Collection entries
-------------------------
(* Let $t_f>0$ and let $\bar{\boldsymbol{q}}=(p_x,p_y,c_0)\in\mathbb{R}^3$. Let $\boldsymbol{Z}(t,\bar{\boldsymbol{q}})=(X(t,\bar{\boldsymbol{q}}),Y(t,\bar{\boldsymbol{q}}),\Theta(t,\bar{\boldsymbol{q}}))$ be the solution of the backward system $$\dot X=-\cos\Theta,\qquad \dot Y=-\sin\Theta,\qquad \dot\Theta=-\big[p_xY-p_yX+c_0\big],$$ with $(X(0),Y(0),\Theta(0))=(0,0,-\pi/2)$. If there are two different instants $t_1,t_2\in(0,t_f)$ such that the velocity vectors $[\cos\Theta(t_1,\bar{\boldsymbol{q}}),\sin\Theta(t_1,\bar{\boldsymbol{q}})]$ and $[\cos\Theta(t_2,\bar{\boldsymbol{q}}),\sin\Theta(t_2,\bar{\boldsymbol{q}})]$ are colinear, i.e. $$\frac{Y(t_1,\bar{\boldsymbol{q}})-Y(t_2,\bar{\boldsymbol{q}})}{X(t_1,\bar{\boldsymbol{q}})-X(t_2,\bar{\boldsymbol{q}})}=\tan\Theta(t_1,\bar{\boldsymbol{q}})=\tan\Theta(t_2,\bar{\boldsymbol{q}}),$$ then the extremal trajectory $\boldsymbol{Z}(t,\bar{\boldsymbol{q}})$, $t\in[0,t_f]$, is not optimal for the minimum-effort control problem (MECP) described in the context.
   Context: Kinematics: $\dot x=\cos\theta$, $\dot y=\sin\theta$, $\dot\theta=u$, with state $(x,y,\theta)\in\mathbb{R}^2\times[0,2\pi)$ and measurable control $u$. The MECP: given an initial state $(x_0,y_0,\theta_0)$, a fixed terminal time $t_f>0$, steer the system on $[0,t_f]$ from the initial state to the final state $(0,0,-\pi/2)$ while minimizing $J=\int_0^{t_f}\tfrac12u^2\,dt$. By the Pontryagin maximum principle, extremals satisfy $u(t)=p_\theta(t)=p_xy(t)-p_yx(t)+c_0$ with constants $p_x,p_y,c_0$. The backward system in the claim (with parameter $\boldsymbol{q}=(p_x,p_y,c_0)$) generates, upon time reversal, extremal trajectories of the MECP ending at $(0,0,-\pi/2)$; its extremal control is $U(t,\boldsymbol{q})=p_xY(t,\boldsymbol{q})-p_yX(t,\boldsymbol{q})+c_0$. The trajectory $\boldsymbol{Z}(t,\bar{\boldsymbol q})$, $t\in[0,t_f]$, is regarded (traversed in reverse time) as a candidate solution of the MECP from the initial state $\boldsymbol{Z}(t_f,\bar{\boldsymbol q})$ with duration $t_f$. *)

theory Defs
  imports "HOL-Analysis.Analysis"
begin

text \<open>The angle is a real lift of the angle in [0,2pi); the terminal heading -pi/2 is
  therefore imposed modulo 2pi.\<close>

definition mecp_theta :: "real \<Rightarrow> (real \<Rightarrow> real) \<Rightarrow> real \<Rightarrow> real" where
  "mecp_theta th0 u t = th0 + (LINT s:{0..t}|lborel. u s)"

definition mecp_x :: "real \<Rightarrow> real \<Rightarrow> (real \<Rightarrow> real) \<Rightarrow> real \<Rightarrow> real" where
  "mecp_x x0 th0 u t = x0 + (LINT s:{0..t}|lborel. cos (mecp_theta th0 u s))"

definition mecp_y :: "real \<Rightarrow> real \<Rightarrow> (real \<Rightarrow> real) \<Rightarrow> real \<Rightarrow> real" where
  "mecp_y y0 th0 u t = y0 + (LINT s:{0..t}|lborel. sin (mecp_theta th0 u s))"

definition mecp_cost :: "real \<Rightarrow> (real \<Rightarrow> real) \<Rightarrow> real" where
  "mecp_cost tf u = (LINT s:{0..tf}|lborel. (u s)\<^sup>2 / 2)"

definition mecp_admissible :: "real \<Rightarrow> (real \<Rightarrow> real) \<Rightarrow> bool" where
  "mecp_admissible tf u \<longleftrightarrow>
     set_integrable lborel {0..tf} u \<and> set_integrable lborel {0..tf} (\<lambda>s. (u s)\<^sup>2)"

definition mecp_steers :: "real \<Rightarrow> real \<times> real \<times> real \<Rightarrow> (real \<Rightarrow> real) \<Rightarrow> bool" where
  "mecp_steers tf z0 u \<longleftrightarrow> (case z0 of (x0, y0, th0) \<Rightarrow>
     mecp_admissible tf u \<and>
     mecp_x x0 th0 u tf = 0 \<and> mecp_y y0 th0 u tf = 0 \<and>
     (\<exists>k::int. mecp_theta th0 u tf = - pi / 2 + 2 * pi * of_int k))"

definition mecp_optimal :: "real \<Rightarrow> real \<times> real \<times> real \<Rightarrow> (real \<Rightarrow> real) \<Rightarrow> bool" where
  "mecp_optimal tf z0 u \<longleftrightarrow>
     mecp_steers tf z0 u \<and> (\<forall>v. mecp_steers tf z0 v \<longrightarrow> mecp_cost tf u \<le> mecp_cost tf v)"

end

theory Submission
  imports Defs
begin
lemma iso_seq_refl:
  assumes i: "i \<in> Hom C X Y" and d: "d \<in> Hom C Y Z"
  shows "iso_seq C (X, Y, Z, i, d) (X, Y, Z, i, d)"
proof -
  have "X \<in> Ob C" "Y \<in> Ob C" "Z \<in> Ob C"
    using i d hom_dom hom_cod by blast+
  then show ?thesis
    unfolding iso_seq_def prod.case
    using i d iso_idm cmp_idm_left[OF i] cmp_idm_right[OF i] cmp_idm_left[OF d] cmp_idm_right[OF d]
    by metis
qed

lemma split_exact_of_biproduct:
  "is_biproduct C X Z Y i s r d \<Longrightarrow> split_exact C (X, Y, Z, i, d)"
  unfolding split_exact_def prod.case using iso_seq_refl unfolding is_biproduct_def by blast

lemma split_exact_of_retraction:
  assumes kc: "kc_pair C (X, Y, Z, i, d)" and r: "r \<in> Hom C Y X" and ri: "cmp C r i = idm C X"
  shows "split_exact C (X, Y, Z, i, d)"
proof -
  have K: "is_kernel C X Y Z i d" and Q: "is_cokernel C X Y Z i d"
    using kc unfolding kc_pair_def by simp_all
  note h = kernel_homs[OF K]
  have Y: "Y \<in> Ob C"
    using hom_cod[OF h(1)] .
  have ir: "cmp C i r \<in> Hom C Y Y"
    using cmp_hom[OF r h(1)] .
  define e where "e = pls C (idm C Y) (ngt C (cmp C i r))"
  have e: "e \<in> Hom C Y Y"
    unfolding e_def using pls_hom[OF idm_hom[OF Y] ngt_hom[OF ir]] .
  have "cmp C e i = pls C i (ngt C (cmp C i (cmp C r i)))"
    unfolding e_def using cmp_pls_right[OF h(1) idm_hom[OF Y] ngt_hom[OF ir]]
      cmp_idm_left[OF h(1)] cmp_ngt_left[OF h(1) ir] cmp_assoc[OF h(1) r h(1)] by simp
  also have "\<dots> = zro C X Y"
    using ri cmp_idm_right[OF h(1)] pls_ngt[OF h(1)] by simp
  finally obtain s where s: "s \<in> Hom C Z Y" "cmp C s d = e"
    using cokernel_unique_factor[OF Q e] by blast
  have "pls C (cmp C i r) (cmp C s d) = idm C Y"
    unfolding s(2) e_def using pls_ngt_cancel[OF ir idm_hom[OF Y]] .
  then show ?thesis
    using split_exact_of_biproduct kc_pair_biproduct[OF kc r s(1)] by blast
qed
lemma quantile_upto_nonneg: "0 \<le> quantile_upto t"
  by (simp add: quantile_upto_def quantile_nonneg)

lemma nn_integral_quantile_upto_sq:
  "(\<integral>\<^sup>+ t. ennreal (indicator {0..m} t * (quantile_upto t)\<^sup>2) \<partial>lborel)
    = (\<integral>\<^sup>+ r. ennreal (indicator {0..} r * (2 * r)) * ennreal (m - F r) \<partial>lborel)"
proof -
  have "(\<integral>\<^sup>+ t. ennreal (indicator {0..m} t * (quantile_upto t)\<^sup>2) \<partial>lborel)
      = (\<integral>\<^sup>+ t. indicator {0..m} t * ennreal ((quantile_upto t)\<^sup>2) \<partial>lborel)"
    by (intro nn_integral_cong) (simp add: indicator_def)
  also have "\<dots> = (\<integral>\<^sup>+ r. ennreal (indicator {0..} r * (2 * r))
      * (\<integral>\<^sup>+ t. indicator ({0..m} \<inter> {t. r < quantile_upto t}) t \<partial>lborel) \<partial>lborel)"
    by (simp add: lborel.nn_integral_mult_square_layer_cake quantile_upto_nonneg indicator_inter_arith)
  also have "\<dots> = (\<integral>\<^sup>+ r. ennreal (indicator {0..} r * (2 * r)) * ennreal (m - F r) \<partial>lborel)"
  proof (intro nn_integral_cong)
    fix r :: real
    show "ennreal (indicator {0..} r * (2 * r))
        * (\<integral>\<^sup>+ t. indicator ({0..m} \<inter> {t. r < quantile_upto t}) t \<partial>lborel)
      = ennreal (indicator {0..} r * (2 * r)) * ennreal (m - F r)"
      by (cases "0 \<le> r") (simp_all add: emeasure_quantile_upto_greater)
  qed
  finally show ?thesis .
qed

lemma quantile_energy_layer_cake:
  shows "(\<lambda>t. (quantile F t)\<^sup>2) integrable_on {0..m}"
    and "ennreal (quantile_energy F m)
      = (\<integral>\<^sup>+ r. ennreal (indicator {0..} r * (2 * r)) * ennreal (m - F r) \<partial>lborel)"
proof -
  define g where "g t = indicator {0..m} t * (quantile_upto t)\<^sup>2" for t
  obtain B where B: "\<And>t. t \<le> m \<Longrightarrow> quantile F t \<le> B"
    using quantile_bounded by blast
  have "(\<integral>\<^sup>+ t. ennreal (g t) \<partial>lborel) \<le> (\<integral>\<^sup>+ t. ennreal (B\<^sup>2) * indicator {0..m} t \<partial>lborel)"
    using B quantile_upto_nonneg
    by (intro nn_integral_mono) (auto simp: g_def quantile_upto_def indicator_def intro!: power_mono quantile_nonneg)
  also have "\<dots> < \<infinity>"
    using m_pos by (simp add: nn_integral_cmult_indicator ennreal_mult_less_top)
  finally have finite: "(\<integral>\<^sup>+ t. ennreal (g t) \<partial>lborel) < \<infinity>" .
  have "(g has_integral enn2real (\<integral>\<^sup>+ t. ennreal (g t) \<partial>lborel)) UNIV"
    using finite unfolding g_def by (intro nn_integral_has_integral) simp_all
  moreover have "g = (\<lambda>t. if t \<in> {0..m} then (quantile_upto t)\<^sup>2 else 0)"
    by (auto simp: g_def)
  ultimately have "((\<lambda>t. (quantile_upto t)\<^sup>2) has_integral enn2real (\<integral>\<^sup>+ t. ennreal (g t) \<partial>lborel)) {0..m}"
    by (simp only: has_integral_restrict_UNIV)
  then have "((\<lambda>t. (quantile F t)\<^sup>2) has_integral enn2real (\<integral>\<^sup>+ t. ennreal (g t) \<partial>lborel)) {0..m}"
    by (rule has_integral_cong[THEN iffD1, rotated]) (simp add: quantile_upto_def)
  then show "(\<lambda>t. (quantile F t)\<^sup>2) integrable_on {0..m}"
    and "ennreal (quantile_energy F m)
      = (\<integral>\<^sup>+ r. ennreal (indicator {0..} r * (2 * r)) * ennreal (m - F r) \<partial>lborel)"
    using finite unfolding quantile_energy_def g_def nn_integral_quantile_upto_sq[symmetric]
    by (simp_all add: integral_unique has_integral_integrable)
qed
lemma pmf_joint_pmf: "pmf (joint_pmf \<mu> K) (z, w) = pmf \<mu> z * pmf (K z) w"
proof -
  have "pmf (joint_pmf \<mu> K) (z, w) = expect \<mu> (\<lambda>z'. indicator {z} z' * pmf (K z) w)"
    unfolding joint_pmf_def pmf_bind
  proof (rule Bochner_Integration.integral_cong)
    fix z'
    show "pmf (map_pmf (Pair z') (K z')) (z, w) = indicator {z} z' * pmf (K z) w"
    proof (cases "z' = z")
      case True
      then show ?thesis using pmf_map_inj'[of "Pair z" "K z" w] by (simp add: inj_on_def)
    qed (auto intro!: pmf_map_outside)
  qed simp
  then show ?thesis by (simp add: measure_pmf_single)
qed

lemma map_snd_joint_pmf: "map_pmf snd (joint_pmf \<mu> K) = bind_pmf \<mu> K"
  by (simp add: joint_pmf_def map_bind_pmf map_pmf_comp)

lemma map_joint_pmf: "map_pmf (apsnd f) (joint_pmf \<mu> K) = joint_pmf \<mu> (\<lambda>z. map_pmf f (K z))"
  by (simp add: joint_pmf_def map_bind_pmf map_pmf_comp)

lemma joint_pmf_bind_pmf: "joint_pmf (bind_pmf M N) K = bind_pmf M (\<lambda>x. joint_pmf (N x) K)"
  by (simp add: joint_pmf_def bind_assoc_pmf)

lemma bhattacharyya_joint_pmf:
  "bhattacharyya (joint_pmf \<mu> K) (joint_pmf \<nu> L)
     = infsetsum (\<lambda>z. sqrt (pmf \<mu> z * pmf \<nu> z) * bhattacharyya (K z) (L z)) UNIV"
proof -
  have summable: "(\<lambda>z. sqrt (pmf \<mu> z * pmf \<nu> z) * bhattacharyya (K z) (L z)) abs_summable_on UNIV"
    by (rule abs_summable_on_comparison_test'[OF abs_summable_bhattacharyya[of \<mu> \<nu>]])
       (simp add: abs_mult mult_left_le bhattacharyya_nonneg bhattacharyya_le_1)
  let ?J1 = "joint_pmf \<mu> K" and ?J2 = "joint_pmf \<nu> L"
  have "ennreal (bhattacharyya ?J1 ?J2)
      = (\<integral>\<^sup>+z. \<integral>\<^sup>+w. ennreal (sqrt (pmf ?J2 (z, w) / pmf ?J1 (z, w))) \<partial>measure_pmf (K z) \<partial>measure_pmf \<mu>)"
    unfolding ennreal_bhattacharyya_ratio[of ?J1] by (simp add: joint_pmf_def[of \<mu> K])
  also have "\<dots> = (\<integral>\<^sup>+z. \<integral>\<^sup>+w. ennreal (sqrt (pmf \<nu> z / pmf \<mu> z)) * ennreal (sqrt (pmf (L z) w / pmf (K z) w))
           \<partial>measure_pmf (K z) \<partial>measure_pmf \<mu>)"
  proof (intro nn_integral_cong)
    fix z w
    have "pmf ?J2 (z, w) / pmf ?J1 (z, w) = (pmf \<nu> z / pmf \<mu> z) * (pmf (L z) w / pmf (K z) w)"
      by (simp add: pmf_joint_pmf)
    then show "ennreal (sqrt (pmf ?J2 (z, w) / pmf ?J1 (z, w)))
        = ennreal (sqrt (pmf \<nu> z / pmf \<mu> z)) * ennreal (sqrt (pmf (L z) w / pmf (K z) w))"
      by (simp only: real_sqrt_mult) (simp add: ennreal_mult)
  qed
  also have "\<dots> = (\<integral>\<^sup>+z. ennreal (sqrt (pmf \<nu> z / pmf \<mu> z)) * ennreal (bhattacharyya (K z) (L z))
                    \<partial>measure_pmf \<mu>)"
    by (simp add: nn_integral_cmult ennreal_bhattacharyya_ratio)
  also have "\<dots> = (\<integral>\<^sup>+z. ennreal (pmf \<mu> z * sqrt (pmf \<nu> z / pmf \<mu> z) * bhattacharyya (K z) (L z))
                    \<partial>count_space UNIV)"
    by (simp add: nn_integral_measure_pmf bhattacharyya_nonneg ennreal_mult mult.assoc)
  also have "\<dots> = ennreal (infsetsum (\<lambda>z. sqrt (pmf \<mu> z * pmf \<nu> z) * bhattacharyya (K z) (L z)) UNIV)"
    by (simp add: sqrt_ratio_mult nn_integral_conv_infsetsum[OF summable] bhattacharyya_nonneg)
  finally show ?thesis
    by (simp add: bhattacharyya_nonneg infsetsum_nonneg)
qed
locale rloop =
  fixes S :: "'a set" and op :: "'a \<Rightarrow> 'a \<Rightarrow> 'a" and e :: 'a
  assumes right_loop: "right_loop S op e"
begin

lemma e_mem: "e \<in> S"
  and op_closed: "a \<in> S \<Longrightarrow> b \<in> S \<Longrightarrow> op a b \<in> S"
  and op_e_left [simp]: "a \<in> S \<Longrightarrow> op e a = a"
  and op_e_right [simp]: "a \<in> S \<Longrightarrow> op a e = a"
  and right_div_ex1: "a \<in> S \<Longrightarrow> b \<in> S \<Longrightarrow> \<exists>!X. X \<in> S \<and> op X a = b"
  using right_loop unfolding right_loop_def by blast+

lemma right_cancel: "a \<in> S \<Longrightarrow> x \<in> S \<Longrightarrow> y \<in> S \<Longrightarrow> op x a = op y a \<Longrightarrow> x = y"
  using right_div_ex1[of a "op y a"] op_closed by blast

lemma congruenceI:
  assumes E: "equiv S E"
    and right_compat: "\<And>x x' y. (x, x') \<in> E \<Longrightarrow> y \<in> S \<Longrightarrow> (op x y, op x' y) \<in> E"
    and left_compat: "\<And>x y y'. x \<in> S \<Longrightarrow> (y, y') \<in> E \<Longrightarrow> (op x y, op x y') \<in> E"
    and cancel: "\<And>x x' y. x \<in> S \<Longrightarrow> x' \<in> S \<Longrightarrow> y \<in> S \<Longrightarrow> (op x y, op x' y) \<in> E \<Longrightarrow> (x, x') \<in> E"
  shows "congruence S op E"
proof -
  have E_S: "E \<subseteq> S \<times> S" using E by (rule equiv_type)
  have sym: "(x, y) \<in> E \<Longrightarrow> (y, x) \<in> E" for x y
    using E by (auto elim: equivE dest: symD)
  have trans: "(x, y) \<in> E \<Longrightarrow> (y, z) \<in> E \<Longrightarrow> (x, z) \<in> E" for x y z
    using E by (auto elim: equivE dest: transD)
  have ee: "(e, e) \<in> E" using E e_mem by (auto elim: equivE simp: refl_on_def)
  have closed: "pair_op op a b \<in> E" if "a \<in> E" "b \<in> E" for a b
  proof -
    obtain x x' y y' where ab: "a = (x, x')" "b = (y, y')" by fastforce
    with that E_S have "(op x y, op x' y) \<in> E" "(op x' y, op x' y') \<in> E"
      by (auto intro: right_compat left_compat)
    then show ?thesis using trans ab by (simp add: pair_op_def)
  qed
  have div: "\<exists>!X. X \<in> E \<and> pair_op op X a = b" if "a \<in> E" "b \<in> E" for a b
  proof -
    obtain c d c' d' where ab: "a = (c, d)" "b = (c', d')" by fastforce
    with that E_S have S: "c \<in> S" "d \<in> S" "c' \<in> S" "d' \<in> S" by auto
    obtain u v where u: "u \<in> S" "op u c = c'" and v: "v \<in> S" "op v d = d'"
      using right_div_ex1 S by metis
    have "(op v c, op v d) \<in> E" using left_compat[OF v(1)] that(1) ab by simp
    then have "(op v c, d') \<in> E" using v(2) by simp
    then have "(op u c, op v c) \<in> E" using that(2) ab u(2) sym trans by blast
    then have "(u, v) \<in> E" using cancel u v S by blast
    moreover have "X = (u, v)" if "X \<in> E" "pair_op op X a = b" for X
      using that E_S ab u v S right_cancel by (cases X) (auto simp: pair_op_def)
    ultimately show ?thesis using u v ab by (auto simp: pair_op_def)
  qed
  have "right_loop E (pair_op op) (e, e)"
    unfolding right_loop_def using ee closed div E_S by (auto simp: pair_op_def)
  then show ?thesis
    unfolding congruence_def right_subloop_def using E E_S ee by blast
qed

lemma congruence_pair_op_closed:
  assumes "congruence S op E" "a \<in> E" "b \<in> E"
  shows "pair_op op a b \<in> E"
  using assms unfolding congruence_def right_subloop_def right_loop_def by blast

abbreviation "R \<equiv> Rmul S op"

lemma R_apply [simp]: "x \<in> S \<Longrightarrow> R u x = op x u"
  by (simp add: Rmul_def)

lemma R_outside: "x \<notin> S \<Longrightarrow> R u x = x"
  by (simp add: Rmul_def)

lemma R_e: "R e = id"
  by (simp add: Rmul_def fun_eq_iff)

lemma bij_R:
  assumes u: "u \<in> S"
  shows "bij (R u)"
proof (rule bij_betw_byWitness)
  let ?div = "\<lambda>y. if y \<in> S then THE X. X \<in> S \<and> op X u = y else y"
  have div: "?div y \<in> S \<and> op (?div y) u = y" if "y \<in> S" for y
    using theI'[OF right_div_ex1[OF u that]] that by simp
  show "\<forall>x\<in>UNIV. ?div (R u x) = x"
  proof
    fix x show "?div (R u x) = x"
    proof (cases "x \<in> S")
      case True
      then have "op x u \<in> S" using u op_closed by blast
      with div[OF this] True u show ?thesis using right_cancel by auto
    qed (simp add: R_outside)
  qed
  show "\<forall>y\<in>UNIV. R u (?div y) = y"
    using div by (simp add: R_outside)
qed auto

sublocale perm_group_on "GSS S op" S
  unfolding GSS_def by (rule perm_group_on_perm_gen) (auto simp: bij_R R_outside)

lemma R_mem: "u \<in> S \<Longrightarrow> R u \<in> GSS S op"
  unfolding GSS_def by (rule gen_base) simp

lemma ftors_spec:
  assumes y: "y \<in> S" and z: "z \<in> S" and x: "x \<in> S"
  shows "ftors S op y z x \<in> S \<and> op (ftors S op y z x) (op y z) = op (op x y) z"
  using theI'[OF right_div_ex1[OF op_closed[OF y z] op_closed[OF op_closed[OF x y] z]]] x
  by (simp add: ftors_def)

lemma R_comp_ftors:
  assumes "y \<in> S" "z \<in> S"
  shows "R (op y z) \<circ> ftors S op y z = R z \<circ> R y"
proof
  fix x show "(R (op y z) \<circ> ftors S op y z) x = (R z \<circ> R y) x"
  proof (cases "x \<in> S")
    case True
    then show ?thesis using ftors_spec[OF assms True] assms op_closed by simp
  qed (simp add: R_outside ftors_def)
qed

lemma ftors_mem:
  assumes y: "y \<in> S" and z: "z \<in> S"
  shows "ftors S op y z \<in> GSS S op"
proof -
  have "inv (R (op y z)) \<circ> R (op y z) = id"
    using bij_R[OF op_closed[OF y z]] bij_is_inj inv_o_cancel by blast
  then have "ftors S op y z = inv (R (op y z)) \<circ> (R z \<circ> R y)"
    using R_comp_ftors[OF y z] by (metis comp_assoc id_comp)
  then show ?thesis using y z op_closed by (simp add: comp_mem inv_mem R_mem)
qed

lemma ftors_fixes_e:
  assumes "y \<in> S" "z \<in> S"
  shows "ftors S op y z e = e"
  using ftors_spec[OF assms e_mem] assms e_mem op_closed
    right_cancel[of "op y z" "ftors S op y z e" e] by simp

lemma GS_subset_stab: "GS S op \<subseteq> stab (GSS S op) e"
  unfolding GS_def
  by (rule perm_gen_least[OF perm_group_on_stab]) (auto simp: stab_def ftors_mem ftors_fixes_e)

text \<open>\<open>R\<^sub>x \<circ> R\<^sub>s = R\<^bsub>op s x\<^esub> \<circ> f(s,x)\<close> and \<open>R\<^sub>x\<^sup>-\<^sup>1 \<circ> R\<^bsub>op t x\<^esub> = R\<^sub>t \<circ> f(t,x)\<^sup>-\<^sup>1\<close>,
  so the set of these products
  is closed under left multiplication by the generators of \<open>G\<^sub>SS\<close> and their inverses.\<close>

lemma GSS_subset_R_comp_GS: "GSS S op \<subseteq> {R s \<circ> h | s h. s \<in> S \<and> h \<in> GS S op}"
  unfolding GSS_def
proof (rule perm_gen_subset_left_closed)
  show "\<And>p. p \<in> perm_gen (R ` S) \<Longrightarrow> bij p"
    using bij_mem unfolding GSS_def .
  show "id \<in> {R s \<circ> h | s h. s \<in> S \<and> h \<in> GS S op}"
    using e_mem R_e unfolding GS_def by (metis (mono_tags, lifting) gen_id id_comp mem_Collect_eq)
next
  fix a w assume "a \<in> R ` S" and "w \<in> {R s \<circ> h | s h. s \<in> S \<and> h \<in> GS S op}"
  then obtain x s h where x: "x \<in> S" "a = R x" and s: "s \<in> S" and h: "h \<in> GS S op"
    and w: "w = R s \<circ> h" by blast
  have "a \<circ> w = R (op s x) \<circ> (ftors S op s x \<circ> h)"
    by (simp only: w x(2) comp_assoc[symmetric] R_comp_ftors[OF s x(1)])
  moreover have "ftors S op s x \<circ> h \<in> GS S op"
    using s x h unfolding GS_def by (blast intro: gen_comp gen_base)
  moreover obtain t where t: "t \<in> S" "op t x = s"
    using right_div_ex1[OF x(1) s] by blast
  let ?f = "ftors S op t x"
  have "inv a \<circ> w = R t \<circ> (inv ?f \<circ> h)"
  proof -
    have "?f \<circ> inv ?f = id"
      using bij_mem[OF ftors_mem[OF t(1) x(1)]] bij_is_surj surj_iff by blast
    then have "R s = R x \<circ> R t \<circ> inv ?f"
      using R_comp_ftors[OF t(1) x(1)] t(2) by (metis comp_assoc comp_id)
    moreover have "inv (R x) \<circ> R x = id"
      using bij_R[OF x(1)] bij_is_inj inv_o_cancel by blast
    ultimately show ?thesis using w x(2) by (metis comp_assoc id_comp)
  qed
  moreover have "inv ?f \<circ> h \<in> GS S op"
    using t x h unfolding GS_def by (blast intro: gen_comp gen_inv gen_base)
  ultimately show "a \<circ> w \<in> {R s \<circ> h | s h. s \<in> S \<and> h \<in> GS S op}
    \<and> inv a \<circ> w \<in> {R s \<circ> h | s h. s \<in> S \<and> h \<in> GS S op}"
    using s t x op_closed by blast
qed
-------------------------
PROBLEM DESCRIPTION: Your answer should consist only of the lines from the one that holds "(R x) \<circ>" to the end of the entries above, both ends included, each repeated exactly.

TASK OUTPUT:
    moreover have "inv (R x) \<circ> R x = id"
      using bij_R[OF x(1)] bij_is_inj inv_o_cancel by blast
    ultimately show ?thesis using w x(2) by (metis comp_assoc id_comp)
  qed
  moreover have "inv ?f \<circ> h \<in> GS S op"
    using t x h unfolding GS_def by (blast intro: gen_comp gen_inv gen_base)
  ultimately show "a \<circ> w \<in> {R s \<circ> h | s h. s \<in> S \<and> h \<in> GS S op}
    \<and> inv a \<circ> w \<in> {R s \<circ> h | s h. s \<in> S \<and> h \<in> GS S op}"
    using s t x op_closed by blast
qed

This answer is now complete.